Latency vs Bandwidth vs Throughput

intermediate latency bandwidth throughput performance rtt networking

Latency, bandwidth, and throughput sound similar. They’re not. Mixing them up is the root cause of half the “why is my app slow” debates.

Definitions

  • Latency — how long it takes for one packet to travel from A to B. Measured in milliseconds.
  • Bandwidth — the theoretical maximum capacity of the link. Measured in bits per second.
  • Throughput — the actual rate of data we observe end to end. Always ≤ bandwidth.

The Highway Analogy

Imagine a highway between two cities.

  • Bandwidth = the number of lanes. More lanes = more cars can travel in parallel.
  • Latency = how long it takes one car to drive from city A to city B. Fixed by speed and distance.
  • Throughput = how many cars actually arrive per minute. Depends on lanes, speed limit, traffic jams, accidents.

A 16-lane highway (high bandwidth) with a 5-hour drive (high latency) still delivers a lot of cars per hour because the lanes are wide. But if all the lanes are jammed, throughput drops to a trickle.

Why Low Bandwidth + Low Latency ≠ High Throughput

Throughput is bounded by both plus the protocol overhead. TCP, for example, requires acknowledgments. The sender can only send a “window” of unacknowledged data, then must wait for an ACK before sending more.

That window divided by the round-trip time gives us the maximum effective throughput, no matter how big the pipe is.

Throughput ~= Window Size / RTT

If we have 1 Gbps of bandwidth but 200 ms RTT and a 64 KB window, throughput is capped around:

64 KB / 0.2 s = 320 KB/s ~= 2.5 Mbps

Even though the link can do 1000 Mbps. This is the long fat pipe problem.

Bandwidth-Delay Product (BDP)

BDP = bandwidth × RTT. It tells us how much data is “in flight” at any moment.
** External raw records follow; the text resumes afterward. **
theorem proposition4:
  fixes X :: "'i::finite \<Rightarrow> (real^'n::finite) set"
    and f :: "'i \<Rightarrow> real^'n^'i \<Rightarrow> real"
    and Df :: "'i \<Rightarrow> real^'n^'i \<Rightarrow> real^'n^'i"
    and g :: "real^'n^'i \<Rightarrow> 'th \<Rightarrow> real"
    and Dg :: "real^'n^'i \<Rightarrow> 'th \<Rightarrow> real^'n^'i"
    and Theta :: "'th set"
    and chi_f chi_g :: real
    and M :: nat
    and \<theta> :: "nat \<Rightarrow> 'th"
    and xs :: "real^'n^'i"
    and ys :: "nat \<Rightarrow> real"
  assumes X_ne: "\<And>i. X i \<noteq> {}"
    and X_compact: "\<And>i. compact (X i)"
    and X_convex: "\<And>i. convex (X i)"
    and cost_convex: "\<And>i th x. th \<in> Theta \<Longrightarrow> x \<in> profiles X \<Longrightarrow>
          convex_on (X i) (\<lambda>xi. f i (upd x i xi) + g (upd x i xi) th)"
    and f_twice: "\<And>i. \<exists>U. open U \<and> convex U \<and> profiles X \<subseteq> U \<and>
          (\<forall>x\<in>U. (f i has_derivative (\<lambda>h. Df i x \<bullet> h)) (at x) \<and> Df i differentiable (at x))"
    and g_twice: "\<And>th. th \<in> Theta \<Longrightarrow> \<exists>U. open U \<and> convex U \<and> profiles X \<subseteq> U \<and>
          (\<forall>x\<in>U. ((\<lambda>u. g u th) has_derivative (\<lambda>h. Dg x th \<bullet> h)) (at x) \<and>
                   (\<lambda>u. Dg u th) differentiable (at x))"
    and chi_sum: "chi_f + chi_g \<ge> 0"
    and f_mono: "\<And>u v. (u - v) \<bullet> ((\<chi> i. (Df i u) $ i) - (\<chi> i. (Df i v) $ i))
                         \<ge> chi_f * (norm (u - v))^2"
    and g_mono: "\<And>u v th. th \<in> Theta \<Longrightarrow> (u - v) \<bullet> (Dg u th - Dg v th) \<ge> chi_g * (norm (u - v))^2"
    and uniq_or_aggr: "\<And>S. finite S \<Longrightarrow> S \<noteq> {} \<Longrightarrow> S \<subseteq> Theta \<Longrightarrow>
          (\<exists>!x. is_NE X f g S x) \<or>
          ((\<exists>gt :: real^'n \<Rightarrow> 'th \<Rightarrow> real. \<forall>x th. th \<in> Theta \<longrightarrow> g x th = gt (aggregate x) th) \<and>
           (\<forall>x x'. is_NE X f g S x \<longrightarrow> is_NE X f g S x' \<longrightarrow> aggregate x = aggregate x'))"
    and M_pos: "0 < M"
    and samples: "\<And>m. m < M \<Longrightarrow> \<theta> m \<in> Theta"
    and minnorm: "VI_minnorm_sol X Df Dg g (map \<theta> [0..<M]) xs ys"
  shows "Phi X Df Dg g (map \<theta> (filter (\<lambda>m. ys m > 0) [0..<M])) = Phi X Df Dg g (map \<theta> [0..<M])
         \<and> Phi X Df Dg g (map \<theta> [0..<M]) = xs"
proof -
  interpret unique_or_aggregative_game X f Df g Dg Theta chi_f chi_g
    by unfold_locales (fact X_convex cost_convex f_twice g_twice chi_sum f_mono g_mono uniq_or_aggr)+
  define ths where "ths = map \<theta> [0..<M]"
  define idx where "idx = filter (\<lambda>m. ys m > 0) [0..<M]"
  have ths_Theta: "set ths \<subseteq> Theta" and idx: "set idx \<subseteq> {..<length ths}" "distinct idx"
    using samples by (auto simp: ths_def idx_def)
  have "ys \<in> prob_simplex M"
    using minnorm by (simp add: VI_minnorm_sol_def VI_sol_def)
  then have "m < M \<and> 0 < ys m" if "ys m \<noteq> 0" for m
    using that by (cases "m < M") (auto simp: prob_simplex_def less_le)
  then have supp: "{m. ys m \<noteq> 0} \<subseteq> set idx"
    by (auto simp: idx_def)
  have "VI_minnorm_sol X Df Dg g (map ((!) ths) idx) xs (restrict_weights idx ys)"
    using VI_minnorm_sol_restrict[OF ths_Theta idx supp] minnorm by (simp add: ths_def)
  moreover have "map ((!) ths) idx = map \<theta> idx"
    using idx(1) by (simp add: ths_def subset_eq)
  moreover have "set (map \<theta> idx) \<subseteq> Theta"
    using samples by (auto simp: idx_def)
  ultimately have "Phi X Df Dg g (map \<theta> idx) = xs"
    by (intro Phi_eqI) auto
  moreover have "Phi X Df Dg g ths = xs"
    using Phi_eqI[OF ths_Theta] minnorm by (simp add: ths_def)
  ultimately show ?thesis by (simp add: ths_def idx_def)
qed

end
BDP = 1 Gbps * 100 ms = 1e9 bits/s * 0.1 s = 1e8 bits = 12.5 MB

If our TCP window is smaller than BDP, we can’t fill the pipe. Modern TCP uses window scaling (RFC 7323) to grow the window beyond the original 64 KB cap.

RTT — Round-Trip Time

The time for a packet to go to a host and come back. Measured by ping.

# Measure RTT to a server
ping -c 5 google.com

# Continuous monitoring with jitter
mtr google.com

Typical RTTs:

  • Same datacenter: < 1 ms
  • Same city: 5-10 ms
  • Cross-country (US): 50-80 ms
  • Cross-continent: 100-200 ms
  • Satellite (GEO): 600+ ms

Why Latency Matters Even When Bandwidth Is Huge

Loading a page often means dozens of small HTTP requests in serial — DNS, TLS handshake, fetch HTML, fetch CSS, fetch JS, etc. Each one pays the RTT cost.

A 100 ms RTT × 10 sequential requests = 1 second of pure waiting, regardless of bandwidth. That’s why CDNs (low latency) often matter more than upgrading the connection (high bandwidth).

This is also why HTTP/2 multiplexing and HTTP/3 (over QUIC) save time — they parallelize the round trips.

Latency Hierarchy (Approximate)

L1 cache          0.5 ns
L2 cache          5 ns
RAM               100 ns
SSD read          150 us
HDD seek          10 ms
Network LAN       0.5 ms
Network WAN       50-150 ms
Mobile (4G/5G)    30-50 ms

Notice the 5-7 orders of magnitude between RAM and a typical WAN round trip. That’s why caching matters so much.

Measuring Throughput

# iperf3 - the standard tool for measuring real throughput
# On the server
iperf3 -s
# On the client
iperf3 -c server.example.com -t 30

iperf3 reports actual achievable throughput. Compare with the link’s advertised bandwidth — the gap is overhead, congestion, and protocol limits.

Interview Tip

If asked “would you rather have 10x bandwidth or 1/10 latency?” — for most user-facing workloads (web pages, APIs, gaming), lower latency wins. Bandwidth helps with bulk transfers (video streaming, backups). Always tie the answer to the workload.